Problem to solve: Extract each line of the records below that contains the word "metis".

Stored data entries
:::::

(* Let $G$ be a finite group, $H,K\le G$, and $p,q$ primes. Then for the ideals $\mathcal{P}_{L,r}$ of $\mathrm{Gh}(\underline{A}_G)$: (i) $\mathcal{P}_{K,0}\subseteq\mathcal{P}_{H,0}$ if and only if $H\preccurlyeq_GK$; (ii) $\mathcal{P}_{H,0}\subseteq\mathcal{P}_{H,p}$ and $\mathcal{P}_{H,p}\not\subseteq\mathcal{P}_{K,0}$; (iii) $\mathcal{P}_{K,p}\subseteq\mathcal{P}_{H,q}$ if and only if $p=q$ and $H\preccurlyeq_GK$.
   Context: For $H\le G$, $\widetilde{A}(H)$ is the subring of $\prod_{I\le H}\mathbb{Z}$ of tuples $(a_I)_{I\le H}$ with $a_{hIh^{-1}}=a_I$ for $h\in H$; $\mathrm{Gh}(\underline{A}_G)$ is the $G$-Tambara functor with $\mathrm{Gh}(\underline{A}_G)(G/H)=\widetilde{A}(H)$ (restriction is projection onto components, transfer $\mathrm{tr}^K_H(a)_I=\sum_{kH\in K/H,\ I^k\le H}a_{I^k}$, norm $\mathrm{nm}^K_H(a)_I=\prod_{IgH\in I\backslash K/H}a_{I^g\cap H}$, conjugation $c_{g,H}(a)_J=a_{g^{-1}Jg}$). $I\preccurlyeq_G L$ means $I$ is conjugate in $G$ to a subgroup of $L$. For $L\le G$ and $r$ a prime or $0$, $\mathcal{P}_{L,r}$ is the ideal with $\mathcal{P}_{L,r}(G/M)=\widetilde{A}(M)\cap\prod_{I\le M}\delta_{L,r}(I)\mathbb{Z}$, where $\delta_{L,r}(I)=r$ if $I\preccurlyeq_GL$ and $1$ otherwise. *)

theory Defs
  imports "HOL-Algebra.Algebra" "HOL-Computational_Algebra.Primes"
begin

definition conj_sub :: "('a, 'b) monoid_scheme \<Rightarrow> 'a \<Rightarrow> 'a set \<Rightarrow> 'a set" where
  "conj_sub G g I = l_coset G g (r_coset G I (inv\<^bsub>G\<^esub> g))"

definition subconj :: "('a, 'b) monoid_scheme \<Rightarrow> 'a set \<Rightarrow> 'a set \<Rightarrow> bool" where
  "subconj G I L \<longleftrightarrow> (\<exists>g \<in> carrier G. conj_sub G g I \<subseteq> L)"

text \<open>The ring tilde-A(M): tuples (a_I) indexed by the subgroups I of M, constant on
  M-conjugacy classes. Tuples are represented as functions on sets, vanishing off the
  index set (so that equal tuples are equal functions).\<close>
definition Atilde :: "('a, 'b) monoid_scheme \<Rightarrow> 'a set \<Rightarrow> ('a set \<Rightarrow> int) set" where
  "Atilde G M = {a. (\<forall>I. \<not> (subgroup I G \<and> I \<subseteq> M) \<longrightarrow> a I = 0) \<and>
      (\<forall>I h. subgroup I G \<and> I \<subseteq> M \<and> h \<in> M \<longrightarrow> a (conj_sub G h I) = a I)}"

definition delta :: "('a, 'b) monoid_scheme \<Rightarrow> 'a set \<Rightarrow> nat \<Rightarrow> 'a set \<Rightarrow> int" where
  "delta G L r I = (if subconj G I L then int r else 1)"

text \<open>The ideal P_{L,r} of Gh(A_G), evaluated at G/M.\<close>
definition Pideal :: "('a, 'b) monoid_scheme \<Rightarrow> 'a set \<Rightarrow> nat \<Rightarrow> 'a set \<Rightarrow> ('a set \<Rightarrow> int) set" where
  "Pideal G L r M = {a \<in> Atilde G M. \<forall>I. subgroup I G \<and> I \<subseteq> M \<longrightarrow> delta G L r I dvd a I}"

definition ideal_incl :: "('a, 'b) monoid_scheme \<Rightarrow> ('a set \<Rightarrow> ('a set \<Rightarrow> int) set)
    \<Rightarrow> ('a set \<Rightarrow> ('a set \<Rightarrow> int) set) \<Rightarrow> bool" where
  "ideal_incl G P Q \<longleftrightarrow> (\<forall>M. subgroup M G \<longrightarrow> P M \<subseteq> Q M)"

end

theory Submission
  imports Defs
begin

text \<open>Testing an inclusion P_{L,r} \<subseteq> P_{L',r'} at level G/I on the tuple supported at the
  single index I (which I-conjugation fixes), with entry \<delta>_{L,r}(I), shows that the inclusion
  holds iff \<delta>_{L',r'}(I) divides \<delta>_{L,r}(I) for every subgroup I. For s \<noteq> 1, evaluating at
  I = H and using transitivity of \<preccurlyeq>_G, this says P_{K,r} \<subseteq> P_{H,s} iff s divides r and
  H \<preccurlyeq>_G K; all three items are instances.\<close>

lemma conj_sub_eq_image: "conj_sub G g I = (\<lambda>x. g \<otimes>\<^bsub>G\<^esub> (x \<otimes>\<^bsub>G\<^esub> inv\<^bsub>G\<^esub> g)) ` I"
  by (auto simp: conj_sub_def l_coset_def r_coset_def)

context group
begin

lemma conj_sub_subgroup_self:
  assumes "subgroup M G" "h \<in> M"
  shows "conj_sub G h M = M"
proof -
  interpret M: subgroup M G by fact
  have h: "h \<in> carrier G" "inv h \<in> M" using assms(2) by auto
  show ?thesis
  proof
    show "conj_sub G h M \<subseteq> M"
      unfolding conj_sub_eq_image using assms(2) h by auto
    show "M \<subseteq> conj_sub G h M"
    proof
      fix y assume y: "y \<in> M"
      then have "inv h \<otimes> y \<otimes> h \<in> M" using assms(2) h by simp
      moreover have "y = h \<otimes> ((inv h \<otimes> y \<otimes> h) \<otimes> inv h)"
        using h y by (simp add: m_assoc flip: m_assoc[of h "inv h"])
      ultimately show "y \<in> conj_sub G h M" unfolding conj_sub_eq_image by blast
    qed
  qed
qed

lemma conj_sub_cancel:
  assumes "h \<in> carrier G" "I \<subseteq> carrier G" "J \<subseteq> carrier G"
    and "conj_sub G h I = conj_sub G h J"
  shows "I = J"
proof -
  have "inj_on (\<lambda>x. h \<otimes> (x \<otimes> inv h)) (carrier G)"
    using assms(1) by (intro inj_onI) simp
  then show ?thesis
    using assms by (simp add: conj_sub_eq_image inj_on_image_eq_iff)
qed

lemma subconj_refl:
  assumes "subgroup I G"
  shows "subconj G I I"
  using conj_sub_subgroup_self[OF assms subgroup.one_closed[OF assms]]
  unfolding subconj_def by blast

lemma subconj_trans:
  assumes "I \<subseteq> carrier G" "subconj G I H" "subconj G H K"
  shows "subconj G I K"
proof -
  obtain g where g: "g \<in> carrier G" "conj_sub G g I \<subseteq> H"
    using assms(2) subconj_def by metis
  obtain h where h: "h \<in> carrier G" "conj_sub G h H \<subseteq> K"
    using assms(3) subconj_def by metis
  have "conj_sub G (h \<otimes> g) I \<subseteq> K"
  proof
    fix y assume "y \<in> conj_sub G (h \<otimes> g) I"
    then obtain x where x: "x \<in> I" "y = (h \<otimes> g) \<otimes> (x \<otimes> inv (h \<otimes> g))"
      unfolding conj_sub_eq_image by blast
    have "g \<otimes> (x \<otimes> inv g) \<in> H" using g x unfolding conj_sub_eq_image by blast
    then have "h \<otimes> ((g \<otimes> (x \<otimes> inv g)) \<otimes> inv h) \<in> K"
      using h unfolding conj_sub_eq_image by blast
    moreover have "y = h \<otimes> ((g \<otimes> (x \<otimes> inv g)) \<otimes> inv h)"
      using x g h assms(1) by (auto simp: inv_mult_group m_assoc)
    ultimately show "y \<in> K" by simp
  qed
  then show ?thesis unfolding subconj_def using g h by blast
qed

end

definition top_tuple :: "'a set \<Rightarrow> int \<Rightarrow> 'a set \<Rightarrow> int" where
  "top_tuple M c = (\<lambda>I. if I = M then c else 0)"

lemma top_tuple_in_Atilde:
  assumes "group G" "subgroup M G"
  shows "top_tuple M c \<in> Atilde G M"
  unfolding Atilde_def top_tuple_def
proof (intro CollectI conjI allI impI)
  fix I assume "\<not> (subgroup I G \<and> I \<subseteq> M)"
  then show "(if I = M then c else 0) = 0" using assms(2) by auto
next
  fix I h assume I: "subgroup I G \<and> I \<subseteq> M \<and> h \<in> M"
  then have "conj_sub G h I = M \<longleftrightarrow> I = M"
    using group.conj_sub_cancel[OF assms(1), of h I M] group.conj_sub_subgroup_self[OF assms]
      subgroup.subset[OF assms(2)] by auto
  then show "(if conj_sub G h I = M then c else 0) = (if I = M then c else 0)" by simp
qed

lemma top_tuple_in_Pideal_iff:
  assumes "group G" "subgroup M G"
  shows "top_tuple M c \<in> Pideal G L r M \<longleftrightarrow> delta G L r M dvd c"
  using top_tuple_in_Atilde[OF assms] assms(2) by (auto simp: Pideal_def top_tuple_def)

lemma ideal_incl_Pideal_iff_delta_dvd:
  assumes "group G"
  shows "ideal_incl G (Pideal G L r) (Pideal G L' r')
    \<longleftrightarrow> (\<forall>I. subgroup I G \<longrightarrow> delta G L' r' I dvd delta G L r I)"
proof
  assume incl: "ideal_incl G (Pideal G L r) (Pideal G L' r')"
  show "\<forall>I. subgroup I G \<longrightarrow> delta G L' r' I dvd delta G L r I"
  proof (intro allI impI)
    fix I assume I: "subgroup I G"
    have "top_tuple I (delta G L r I) \<in> Pideal G L r I"
      by (simp add: top_tuple_in_Pideal_iff[OF assms I])
    then have "top_tuple I (delta G L r I) \<in> Pideal G L' r' I"
      using incl I unfolding ideal_incl_def by blast
    then show "delta G L' r' I dvd delta G L r I"
      by (simp add: top_tuple_in_Pideal_iff[OF assms I])
  qed
next
  assume delta_dvd: "\<forall>I. subgroup I G \<longrightarrow> delta G L' r' I dvd delta G L r I"
  have "delta G L' r' I dvd a I"
    if "subgroup I G" "delta G L r I dvd a I" for I and a :: "'a set \<Rightarrow> int"
    using dvd_trans[OF delta_dvd[rule_format, OF that(1)] that(2)] .
  then show "ideal_incl G (Pideal G L r) (Pideal G L' r')"
    unfolding ideal_incl_def Pideal_def by blast
qed

lemma ideal_incl_Pideal_iff:
  assumes "group G" "subgroup H G" "s \<noteq> 1"
  shows "ideal_incl G (Pideal G K r) (Pideal G H s) \<longleftrightarrow> s dvd r \<and> subconj G H K"
proof -
  have "delta G H s H dvd delta G K r H \<longleftrightarrow> s dvd r \<and> subconj G H K"
    using group.subconj_refl[OF assms(1,2)] assms(3) by (simp add: delta_def)
  moreover have "delta G H s I dvd delta G K r I"
    if "s dvd r" "subconj G H K" "subgroup I G" for I
    using that group.subconj_trans[OF assms(1) subgroup.subset[OF that(3)]]
    by (simp add: delta_def)
  ultimately show ?thesis
    using ideal_incl_Pideal_iff_delta_dvd[OF assms(1)] assms(2) by blast
qed

theorem proposition4p3:
  fixes G :: "('a, 'b) monoid_scheme" and H K :: "'a set" and p q :: nat
  assumes "group G" and "finite (carrier G)"
    and "subgroup H G" and "subgroup K G"
    and "Factorial_Ring.prime p" and "Factorial_Ring.prime q"
  shows "(ideal_incl G (Pideal G K 0) (Pideal G H 0) \<longleftrightarrow> subconj G H K)
       \<and> (ideal_incl G (Pideal G H 0) (Pideal G H p) \<and> \<not> ideal_incl G (Pideal G H p) (Pideal G K 0))
       \<and> (ideal_incl G (Pideal G K p) (Pideal G H q) \<longleftrightarrow> p = q \<and> subconj G H K)"
proof (intro conjI)
  have p: "p \<noteq> 0" "p \<noteq> 1" and q: "q \<noteq> 1" using assms(5,6) by auto
  show "ideal_incl G (Pideal G K 0) (Pideal G H 0) \<longleftrightarrow> subconj G H K"
    using ideal_incl_Pideal_iff[OF assms(1,3), where s = 0 and r = 0] by simp
  show "ideal_incl G (Pideal G H 0) (Pideal G H p)"
    using ideal_incl_Pideal_iff[OF assms(1,3) p(2), where K = H and r = 0]
      group.subconj_refl[OF assms(1,3)] by simp
  show "\<not> ideal_incl G (Pideal G H p) (Pideal G K 0)"
    using ideal_incl_Pideal_iff[OF assms(1,4), where s = 0 and K = H and r = p] p(1) by simp
  have "q dvd p \<longleftrightarrow> p = q" using primes_dvd_imp_eq[OF assms(6,5)] by auto
  with ideal_incl_Pideal_iff[OF assms(1,3) q, where r = p]
  show "ideal_incl G (Pideal G K p) (Pideal G H q) \<longleftrightarrow> p = q \<and> subconj G H K"
    by (simp only:)
qed

end
(* Let $X,Y$ be compact metric spaces and $f:X\dashrightarrow Y$ a continuous open-dense defined map. 1) $f_*(SM^+(X))\subset SM^+(Y)$, and for $\mu\in SM^+(X)$ we have $f_*(\mu)(\pm1)=\mu(\pm1)$; in particular $\|f_*(\mu)\|=\|\mu\|$. 2) Let $Z$ be a compact metric space and $g:Y\dashrightarrow Z$ a continuous open-dense defined map, and suppose there is an open dense $U\subset\mathrm{OpenDom}(f)$ with $f(U)\subset\mathrm{OpenDom}(g)$; let $g\circ f$ denote the continuous open-dense defined map $U\to Z$, $x\mapsto g(f(x))$. Then $g_*f_*(\mu)\ge(g\circ f)_*(\mu)$ for all $\mu\in SM^+(X)$. If $f$ and $g$ are continuous maps defined on all of $X$ and $Y$, equality holds. 3) If $\mu_n\in SM^+(X)$ weakly converges to $\mu$ and $\nu$ is a weak cluster point of $f_*(\mu_n)$, then $\nu\le f_*(\mu)$. If $f$ is a continuous map defined on all of $X$, then $f_*(\mu_n)$ weakly converges to $f_*(\mu)$. 4) If $\mu$ is a finite positive Borel measure on $X$ with $\mu(I(f))=0$, then $f_*(\mu)$ is the usual pushforward measure, i.e. $f_*(\mu)(\varphi)=\int_{X\setminus I(f)}\varphi\circ f\,d\mu$. 5) For every $\mu\in SM^+(X)$, $f_*(\mu)=\sup_{\chi\in\mathcal{G}(\mu)}f_*(\chi)$, where $\mathcal{G}(\mu)$ is the set of finite positive Borel measures $\chi$ on $X$ with $\chi\le\mu$. 6) For all $\mu_1,\mu_2\in SM^+(X)$, $f_*(\mu_1+\mu_2)\ge f_*(\mu_1)+f_*(\mu_2)$.
   Context: $C^0(X)$: real continuous functions with sup norm. A strong submeasure is a sub-linear and bounded map $\mu:C^0(X)\to\mathbb{R}$ (sub-linear: $\mu(\varphi_1+\varphi_2)\le\mu(\varphi_1)+\mu(\varphi_2)$, $\mu(\lambda\varphi)=\lambda\mu(\varphi)$ for $\lambda\ge0$; bounded: $|\mu(\varphi)|\le C\|\varphi\|_{L^\infty}$, with $\|\mu\|$ the least such $C$); it is positive if non-decreasing. $SM^+(X)$ denotes positive strong submeasures; finite positive Borel measures are elements of $SM^+(X)$ via integration. $\mu\le\nu$ means $\mu(\varphi)\le\nu(\varphi)$ for all $\varphi$, and suprema of families are taken pointwise. Weak convergence: $\sup_n\|\mu_n\|<\infty$ and $\mu_n(\varphi)\to\mu(\varphi)$ for all $\varphi$. A continuous open-dense defined map $f:X\dashrightarrow Y$ is a continuous map $f:\mathrm{OpenDom}(f)\to Y$ with $\mathrm{OpenDom}(f)\subset X$ open dense; $I(f)=X\setminus\mathrm{OpenDom}(f)$. For $U\subset X$ open dense and bounded $g:U\to\mathbb{R}$, $E(g)=g$ on $U$ and $E(g)(x)=\limsup_{y\in U,y\to x}g(y)$ for $x\notin U$. For $\varphi\in C^0(Y)$, $f^*(\varphi):=E(\varphi\circ f)$ (bounded upper-semicontinuous on $X$, with $U$ the domain of $f$). The pushforward of $\mu\in SM^+(X)$ is $f_*(\mu)(\varphi):=\inf\{\mu(\psi):\psi\in C^0(X),\ \psi\ge f^*(\varphi)\}$ for $\varphi\in C^0(Y)$. *)

theory Defs
  imports "HOL-Analysis.Analysis" "HOL-Probability.Probability"
begin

:::::

Exercise result:
    using assms(2) subconj_def by metis
    using assms(3) subconj_def by metis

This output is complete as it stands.